Looking through the unsupported downloads on their site, I noticed that people had written these things called "MTA pickups".  Basically, you can tell MailEnable to run every message it receives through one of these pickups for processing.  However the message is left when the pickup is done is how it is delivered.

Well, I looked at the couple that were available.  One of them is a .net program that looks for key phrases.  Another simply removes an attachment if it has a nasty extension (exe, scr, etc.), but it's written in VB.  There was also an option of installing a plug-in pickup for SpamAssassin (which is what I was using under Linux), but that is a layer on top of SpamAssassin which is a layer on top of Perl.  Well all of that is fine if you like installing runtimes and dealing with loading overhead, and it doesn't really address my need for a Bayesian filter.

A Bayesian filter basically checks each word in a message and calculates the probability that it appears in a spam message.  It then takes the most convincing 15 words (either very spam-evident or very not-spam-evident), and compares the quantities of each.  If there are more flagrant spam terms in the top 15 than non-spam terms, then the whole message is spam.

Seeing that there was a lack of Bayesian filters for MailEnable written in any language that suited me, I set about writing one.

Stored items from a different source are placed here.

lemma potential_along_moves:
  assumes moves: "\<And>k. k + 1 < length p \<Longrightarrow> legal_move (p ! k) (p ! (k + 1))"
    and start: "one_vacancy (p ! 0)"
  shows "l < length p \<Longrightarrow> k \<le> l \<Longrightarrow>
    one_vacancy (p ! l) \<and> \<bar>potential (p ! l) - potential (p ! k)\<bar> \<le> int (l - k)"
proof (induction l arbitrary: k)
  case 0
  then show ?case using start by simp
next
  case (Suc l)
  have "one_vacancy (p ! l)" using Suc.IH[of 0] Suc.prems by simp
  moreover have "legal_move (p ! l) (p ! Suc l)" using moves Suc.prems(1) by simp
  ultimately have step: "one_vacancy (p ! Suc l) \<and> \<bar>potential (p ! Suc l) - potential (p ! l)\<bar> \<le> 1"
    using potential_legal_move by blast
  show ?case
  proof (cases "k = Suc l")
    case False
    then have "\<bar>potential (p ! l) - potential (p ! k)\<bar> \<le> int (l - k)" using Suc by simp
    then show ?thesis using step False Suc.prems by auto
  qed (use step in simp)
qed

definition tight_move :: "config \<Rightarrow> config \<Rightarrow> bool" where
  "tight_move c c' \<longleftrightarrow> legal_move c c' \<and> potential c' = potential c - 1"

lemma tight_move_cases:
  assumes "tight_move (rev xr @ Vac # y) c'" "Vac \<notin> set xr" "Vac \<notin> set y"
  obtains (slide_Bk) xr0 where "xr = Bk # xr0" "c' = rev xr0 @ Vac # Bk # y"
      "\<not> (Wh \<in> set y \<and> hd y = Bk)" "\<not> (Wh \<notin> set y \<and> odd (run_length Bk xr0))"
    | (slide_Wh) y0 where "y = Wh # y0" "c' = rev (Wh # xr) @ Vac # y0"
      "\<not> (Bk \<in> set xr \<and> hd xr = Wh)" "\<not> (Bk \<notin> set xr \<and> odd (run_length Wh y0))"
    | (jump_Bk) a xr0 where "a \<noteq> Vac" "xr = a # Bk # xr0" "c' = rev xr0 @ Vac # a # Bk # y"
      "\<not> (Wh \<in> set y \<and> hd y = Bk)"
    | (jump_Wh) a y0 where "a \<noteq> Vac" "y = a # Wh # y0" "c' = rev (a # Wh # xr) @ Vac # y0"
      "\<not> (Bk \<in> set xr \<and> hd xr = Wh)"
proof -
  have move: "legal_move (rev xr @ Vac # y) c'" and pot: "potential c' = split_potential xr y - 1"
    using assms(1,2) by (auto simp: tight_move_def potential_split)
  from move assms(2,3) show ?thesis
  proof (cases rule: legal_move_cases)
    case (slide_right a xr0)
    then have "potential c' = split_potential xr0 (a # y)" "a \<noteq> Vac"
      using assms(2) by (auto simp: potential_split)
    then show ?thesis using pot slide_right that
      by (cases a) (auto simp: split_potential_slides split: if_splits)
  next
    case (slide_left a y0)
    then have "potential c' = split_potential (a # xr) y0" "a \<noteq> Vac"
      using assms potential_split[of "rev (a # xr)" y0] by auto
    then show ?thesis using pot slide_left that
      by (cases a) (auto simp: split_potential_slides split: if_splits)
  next
    case (jump_right a b xr0)
    then have "potential c' = split_potential xr0 (a # b # y)" "a \<noteq> Vac" "b \<noteq> Vac"
      using assms(2) by (auto simp: potential_split)
    then show ?thesis using pot jump_right that
      by (cases a; cases b) (auto simp: split_potential_jumps split: if_splits)
  next
    case (jump_left a b y0)
    then have "potential c' = split_potential (a # b # xr) y0" "a \<noteq> Vac" "b \<noteq> Vac"
      using assms potential_split[of "rev (a # b # xr)" y0] by auto
    then show ?thesis using pot jump_left that
      by (cases a; cases b) (auto simp: split_potential_jumps split: if_splits)
  qed
qed

section \<open>The standard solution\<close>

fun wb :: "nat \<Rightarrow> cell list" where
  "wb 0 = []"
| "wb (Suc k) = Wh # Bk # wb k"

fun bw :: "nat \<Rightarrow> cell list" where
  "bw 0 = []"
| "bw (Suc k) = Bk # Wh # bw k"

lemma wb_append_Wh [simp]: "wb k @ Wh # zs = Wh # bw k @ zs"
  by (induction k) auto

lemma bw_append_Bk [simp]: "bw k @ Bk # zs = Bk # wb k @ zs"
  by (induction k) auto

lemma rev_wb [simp]: "rev (wb k) = bw k"
  and rev_bw [simp]: "rev (bw k) = wb k"
  by (induction k) auto

lemma set_wb [simp]: "x \<in> set (wb k) \<longleftrightarrow> k \<noteq> 0 \<and> x \<noteq> Vac"
  and set_bw [simp]: "x \<in> set (bw k) \<longleftrightarrow> k \<noteq> 0 \<and> x \<noteq> Vac"
  by (induction k) (auto, (cases x; simp)+)

lemma wb_eq_concat: "wb k = concat (replicate k [Wh, Bk])"
  by (induction k) auto

lemma sweep_left: "(legal_move ^^ k) (A @ bw k @ Vac # B) (A @ Vac # wb k @ B)"
proof (induction k arbitrary: B)
  case (Suc k)
  have "legal_move (A @ bw (Suc k) @ Vac # B) (A @ bw k @ Vac # Wh # Bk # B)"
    using legal_move_jump_right[of Wh Bk "A @ bw k" B] by simp
  from relpowp_Suc_I2[OF this Suc.IH[of "Wh # Bk # B"]] show ?case by simp
qed simp

lemma sweep_right: "(legal_move ^^ k) (A @ Vac # bw k @ B) (A @ wb k @ Vac # B)"
proof (induction k arbitrary: A)
  case (Suc k)
  have "legal_move (A @ Vac # bw (Suc k) @ B) ((A @ [Wh, Bk]) @ Vac # bw k @ B)"
    using legal_move_jump_left[of Bk Wh A "bw k @ B"] by simp
  from relpowp_Suc_I2[OF this Suc.IH[of "A @ [Wh, Bk]"]] show ?case by simp
qed simp

text \<open>The standard solution grows the alternating block through all the \<open>\<lambda>\<^sub>t\<close>, then lets the
  remaining black checkers pass through it one by one, and finally dissolves it.\<close>

definition stage :: "nat \<Rightarrow> nat \<Rightarrow> nat \<Rightarrow> nat \<Rightarrow> nat \<Rightarrow> bool \<Rightarrow> config" where
  "stage x y z u v vac_first = replicate x Wh @ replicate y Bk
     @ (if vac_first then Vac # wb z else wb z @ [Vac]) @ replicate u Wh @ replicate v Bk"

lemma stage_absorb_from_right:
  "(legal_move ^^ (z + 2)) (stage x (Suc y) z (Suc u) v False) (stage x y (Suc z) u v True)"
proof -
  define W R where "W = replicate x Wh @ replicate y Bk" and "R = replicate u Wh @ replicate v Bk"
  have "legal_move (stage x (Suc y) z (Suc u) v False) (W @ bw (Suc z) @ Vac # R)"
    using legal_move_slide_left[of Wh "W @ Bk # wb z" R]
    by (simp add: stage_def W_def R_def replicate_app_Cons_same)
  from relpowp_Suc_I2[OF this sweep_left[of "Suc z" W R]] show ?thesis
    by (simp add: stage_def W_def R_def)
qed

lemma stage_absorb_from_left:
  "(legal_move ^^ (z + 2)) (stage x (Suc y) z (Suc u) v True) (stage x y (Suc z) u v False)"
proof -
  define W R where "W = replicate x Wh @ replicate y Bk" and "R = replicate u Wh @ replicate v Bk"
  have "legal_move (stage x (Suc y) z (Suc u) v True) (W @ Vac # bw (Suc z) @ R)"
    using legal_move_slide_right[of Bk W "wb z @ Wh # R"]
    by (simp add: stage_def W_def R_def replicate_app_Cons_same)
  from relpowp_Suc_I2[OF this sweep_right[of "Suc z" W R]] show ?thesis
    by (simp add: stage_def W_def R_def)
qed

Even in the limited time that I've been coding (like a fiend) I already get a pretty good return on a very small database size (about 40kb of total size).  You can test spam against the filters that are running live on this server by visiting the spam test page

There are several differences between what I've done and some of the other filters.  Of course the filtering method is pretty unique amongst the MTA pickups.  But the most significant difference in my mind is the per-user filtering.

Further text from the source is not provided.